RQ3: (Preliminarily) Does physiology-based difficulty adaptation result in a positive user experience? High offline classification accuracy is not guaranteed to transfer to accurate real-time difficulty adaptation (Fairclough, Karran, & Gilleade, 2015; McCrea, Geršak, & Novak, 2017). For example, there is more potential for erroneous adaptation decisions since artefacts that can be easily manually removed in offline processing cannot be quickly removed during gameplay itself; at the same time, users may be able to compensate for erroneous decisions made by the system by adapting their own behavior (Fairclough & Lotte, 2020). Our original goal was to compare the effectiveness of physiology-based adaptation to that of performance-based adaptation similarly to what has previously been done in single-user studies (Bian et al., 2019; C. Liu et al., 2009; Xu et al., 2018); however, as data collection was interrupted by COVID-19, we have limited ourselves to demonstrating the technical feasibility of providing a positive user experience using physiology-based adaptation. Performance-based adaptation was included as a baseline for qualitative comparison.
A preliminary version of this study was published as a 2019 conference paper (Darzi & Novak, 2019). It used the same study setup (hardware and competitive game) as the current paper. The differences between this paper and the preliminary conference version are as follows:
The conference version included no closed-loop adaptation, though such adaptation was mentioned briefly as a future step. The current version includes closed-loop adaptation based on individual physiological responses and physiological linkage, with simple performance-based adaptation also included as a baseline for comparison.

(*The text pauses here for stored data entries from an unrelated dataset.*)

(* Let $X$ be a Hausdorff space. Assume that there is a closed subset $F\subset X$ such that (a) both $F$ and $X-F$ are totally disconnected, and (b) the quotient space $X/F$ (obtained by collapsing $F$ to a single point) is hereditarily disconnected. Then $\mathcal{K}(X)$ is hereditarily disconnected.
   Context: For a $T_1$ space $X$, $\mathcal{K}(X)$ denotes the set of nonempty compact subsets of $X$ with the Vietoris topology, i.e. the topology generated by the sets $U^+=\{A: A\subset U\}$ and $U^-=\{A: A\cap U\neq\emptyset\}$ for $U$ open in $X$. A space is totally disconnected if for any two distinct points $x,y$ there is a clopen set containing $x$ but not $y$. A space is hereditarily disconnected if every nonempty connected subset is a singleton. *)

theory Defs
  imports "HOL-Analysis.Analysis"
begin

definition totally_disconnected_space :: "'a topology \<Rightarrow> bool" where
  "totally_disconnected_space X \<longleftrightarrow>
     (\<forall>x\<in>topspace X. \<forall>y\<in>topspace X. x \<noteq> y \<longrightarrow>
        (\<exists>C. openin X C \<and> closedin X C \<and> x \<in> C \<and> y \<notin> C))"

definition hereditarily_disconnected_space :: "'a topology \<Rightarrow> bool" where
  "hereditarily_disconnected_space X \<longleftrightarrow>
     (\<forall>S. connectedin X S \<and> S \<noteq> {} \<longrightarrow> (\<exists>a. S = {a}))"

definition quotient_topology :: "'a topology \<Rightarrow> ('a \<Rightarrow> 'b) \<Rightarrow> 'b topology" where
  "quotient_topology X q =
     topology (\<lambda>U. U \<subseteq> q ` topspace X \<and> openin X {x \<in> topspace X. q x \<in> U})"

definition collapse_map :: "'a set \<Rightarrow> 'a \<Rightarrow> 'a set" where
  "collapse_map F x = (if x \<in> F then F else {x})"

definition collapse_space :: "'a topology \<Rightarrow> 'a set \<Rightarrow> 'a set topology" where
  "collapse_space X F = quotient_topology X (collapse_map F)"

definition vietoris_compacts :: "'a topology \<Rightarrow> 'a set topology" where
  "vietoris_compacts X =
     subtopology
       (topology_generated_by
          ({{A. A \<subseteq> U} | U. openin X U} \<union> {{A. A \<inter> U \<noteq> {}} | U. openin X U}))
       {K. compactin X K \<and> K \<noteq> {}}"

end

theory Submission
  imports Defs
begin

(* Let \<C> be a connected family of nonempty compacta. A nonempty clopen subset P of \<Union>\<C> meets
   every member of \<C>: otherwise the Vietoris open sets "meets P" and "misses the closure of P"
   disconnect \<C>. Fix B \<in> \<C> and put T = F \<union> (\<Union>\<C> - B). Total disconnectedness of X - F shrinks
   a clopen subset of T missing F to a clopen subset of \<Union>\<C> missing B, so T has none; hence the
   image of T in X/F is connected, so it is the single point F, i.e. all members of \<C> agree off F.
   Then total disconnectedness of F turns a point of A - B, which must lie in F, into a clopen
   subset of \<Union>\<C> missing B, so all members of \<C> coincide. *)

lemma openin_quotient_topology:
  "openin (quotient_topology X q) U \<longleftrightarrow>
     U \<subseteq> q ` topspace X \<and> openin X {x \<in> topspace X. q x \<in> U}"
proof -
  have "istopology (\<lambda>U. U \<subseteq> q ` topspace X \<and> openin X {x \<in> topspace X. q x \<in> U})"
    unfolding istopology_def
  proof (rule conjI; intro allI impI)
    fix S T
    assume "S \<subseteq> q ` topspace X \<and> openin X {x \<in> topspace X. q x \<in> S}"
      and "T \<subseteq> q ` topspace X \<and> openin X {x \<in> topspace X. q x \<in> T}"
    moreover have "{x \<in> topspace X. q x \<in> S \<inter> T} =
        {x \<in> topspace X. q x \<in> S} \<inter> {x \<in> topspace X. q x \<in> T}"
      by auto
    ultimately show "S \<inter> T \<subseteq> q ` topspace X \<and> openin X {x \<in> topspace X. q x \<in> S \<inter> T}"
      by auto
  next
    fix \<K>
    assume "\<forall>S\<in>\<K>. S \<subseteq> q ` topspace X \<and> openin X {x \<in> topspace X. q x \<in> S}"
    moreover have "{x \<in> topspace X. q x \<in> \<Union>\<K>} = (\<Union>S\<in>\<K>. {x \<in> topspace X. q x \<in> S})"
      by auto
    ultimately show "\<Union>\<K> \<subseteq> q ` topspace X \<and> openin X {x \<in> topspace X. q x \<in> \<Union>\<K>}"
      by auto
  qed
  then show ?thesis
    unfolding quotient_topology_def by simp
qed

lemma topspace_quotient_topology: "topspace (quotient_topology X q) = q ` topspace X"
proof -
  have "{x \<in> topspace X. q x \<in> q ` topspace X} = topspace X"
    by auto
  then have "openin (quotient_topology X q) (q ` topspace X)"
    by (simp add: openin_quotient_topology)
  then show ?thesis
    by (meson openin_quotient_topology openin_subset openin_topspace subset_antisym)
qed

The conference version included only preliminary open-loop classification (two classes, only a subset of the classifiers and features used in this paper). The current version includes both two- and three-class classification with a larger set of classifiers and features. Furthermore, the current version describes the most informative features in classification.
The conference version included more extensive analysis of group-level differences using analyses of variance to verify that different game difficulty levels induce different physiological responses. This has been omitted from the current paper, as we wished to focus more on classification and adaptation.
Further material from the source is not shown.